Gérer l'accès des agents déployés

Différents types de méthodes d'authentification sont disponibles pour différents modes d'accès :

Cas d'utilisation Méthode d'authentification À propos de cette méthode d'authentification
Accédez aux sources de données directement depuis un agent. Compte de service Les agents déployés ont accès à toutes les ressources auxquelles leur compte de service est autorisé à accéder.
Envoyez des requêtes aux points de terminaison à l'aide de clés API depuis un agent. Clés API Avant d'utiliser cette méthode d'authentification, vérifiez que l'API que vous souhaitez utiliser est compatible avec les clés API.
Gérez les comptes utilisateur, l'inscription, la connexion ou l'autorisation pour les utilisateurs finaux de l'agent. ID client OAuth Votre agent doit demander et obtenir le consentement de l'utilisateur.

Rôles

Les agents que vous déployez sur Vertex AI Agent Engine s'exécutent à l'aide de l'agent de service AI Platform Reasoning Engine ou de votre compte de service personnalisé. Pour en savoir plus, consultez Configurer l'identité et les autorisations de votre agent.

Agent de service AI Platform Reasoning Engine

Le compte de service Agent de service AI Platform Reasoning Engine utilise le format service-PROJECT_NUMBER@gcp-sa-aiplatform-re.iam.gserviceaccount.com.

Le compte de service dispose d'un rôle Agent de service Vertex AI Reasoning Engine (roles/aiplatform.reasoningEngineServiceAgent) qui accorde les autorisations par défaut requises pour les agents déployés.
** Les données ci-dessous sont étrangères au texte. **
text \<open>
In a chain of ideals \<open>I = N\<^sub>0 \<subset> \<dots> \<subset> N\<^sub>r = S\<close> with multigraded factors
\<open>N\<^sub>i\<^sub>+\<^sub>1/N\<^sub>i \<cong> (S/P\<^sub>i)(-a\<^sub>i)\<close>, every step is \<open>N\<^sub>i\<^sub>+\<^sub>1 = N\<^sub>i + S u\<^sub>i\<close> for a monomial \<open>u\<^sub>i\<close>
with \<open>N\<^sub>i : u\<^sub>i = P\<^sub>i\<close>: the image of \<open>1\<close> generates the cyclic factor, and homogeneity forces
it to be a monomial up to a unit.

If \<open>I\<close> is \<open>k\<close>-clean via a cleaner monomial \<open>u\<close>, clean filtrations of \<open>I : u\<close> and of
\<open>I + S u\<close> splice together: \<open>J \<mapsto> I + u J\<close> carries a filtration of \<open>S/(I : u)\<close> onto one of
\<open>(I + S u)/I\<close>, shifting degrees by \<open>u\<close>. The primes of \<open>S/(I : u)\<close> are associated primes of
\<open>I\<close>, hence minimal as \<open>I\<close> has no embedded primes, and those of \<open>I + S u\<close> are minimal
because \<open>u\<close> is a cleaner monomial.

Conversely, in a filtration all of whose primes are minimal over \<open>I\<close>, every minimal prime
occurs among the \<open>P\<^sub>i\<close> and every associated prime lies in some \<open>P\<^sub>i\<close>, so \<open>Ass(S/I) = min(I)\<close>;
the first monomial \<open>u\<^sub>0\<close> is then a cleaner monomial with \<open>I : u\<^sub>0 = P\<^sub>0\<close> prime, and induction on
the length of the filtration shows that \<open>I\<close> is \<open>n\<close>-clean.
\<close>

section \<open>Ideals of a commutative ring\<close>

lemma ideal_zero: "is_ideal I \<Longrightarrow> 0 \<in> I"
  by (simp add: is_ideal_def)

lemma ideal_add: "is_ideal I \<Longrightarrow> a \<in> I \<Longrightarrow> b \<in> I \<Longrightarrow> a + b \<in> I"
  by (simp add: is_ideal_def)

lemma ideal_mult_left: "is_ideal I \<Longrightarrow> a \<in> I \<Longrightarrow> s * a \<in> I"
  by (simp add: is_ideal_def)

lemma ideal_mult_right: "is_ideal I \<Longrightarrow> a \<in> I \<Longrightarrow> a * s \<in> I"
  by (metis ideal_mult_left mult.commute)

lemma ideal_uminus: "is_ideal I \<Longrightarrow> a \<in> I \<Longrightarrow> - a \<in> I"
  by (metis ideal_mult_left mult_minus1)

lemma ideal_diff: "is_ideal I \<Longrightarrow> a \<in> I \<Longrightarrow> b \<in> I \<Longrightarrow> a - b \<in> I"
  by (metis ideal_add ideal_uminus diff_conv_add_uminus)

lemma ideal_mem_iff_if_diff_mem: "is_ideal I \<Longrightarrow> a - b \<in> I \<Longrightarrow> a \<in> I \<longleftrightarrow> b \<in> I"
  by (metis ideal_add ideal_diff diff_add_cancel diff_diff_eq2 diff_self)

lemma ideal_eq_UNIV_if_one: "is_ideal I \<Longrightarrow> 1 \<in> I \<Longrightarrow> I = UNIV"
  by (metis UNIV_eq_I ideal_mult_left mult.right_neutral)

lemma is_ideal_UNIV: "is_ideal UNIV"
  by (simp add: is_ideal_def)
Vous pouvez consulter la liste complète des autorisations par défaut dans la documentation IAM.

Lister les rôles d'un agent déployé

Console

  1. Accédez à la page IAM.

    Accéder à IAM

  2. Sélectionnez le projet correspondant à votre projet Google Cloud .

  3. Recherchez le principal qui correspond au compte de service utilisé comme identité de votre agent.

  4. Les rôles de l'agent déployé se trouvent dans la colonne Rôle.

gcloud

Commencez par installer et initialiser la CLI gcloud. Exécutez ensuite la commande suivante :

gcloud projects get-iam-policy PROJECT_ID_OR_NUMBER \
  --flatten="bindings[].members" \
  --filter="bindings.members:serviceAccount:PRINCIPAL" \
  --format="value(bindings.role)"

Où :

  • PROJECT_ID_OR_NUMBER correspond à l'ID ou au numéro de votre projet.
  • PRINCIPAL est basé sur le compte de service utilisé lors du déploiement de l'agent sur Vertex AI Agent Engine.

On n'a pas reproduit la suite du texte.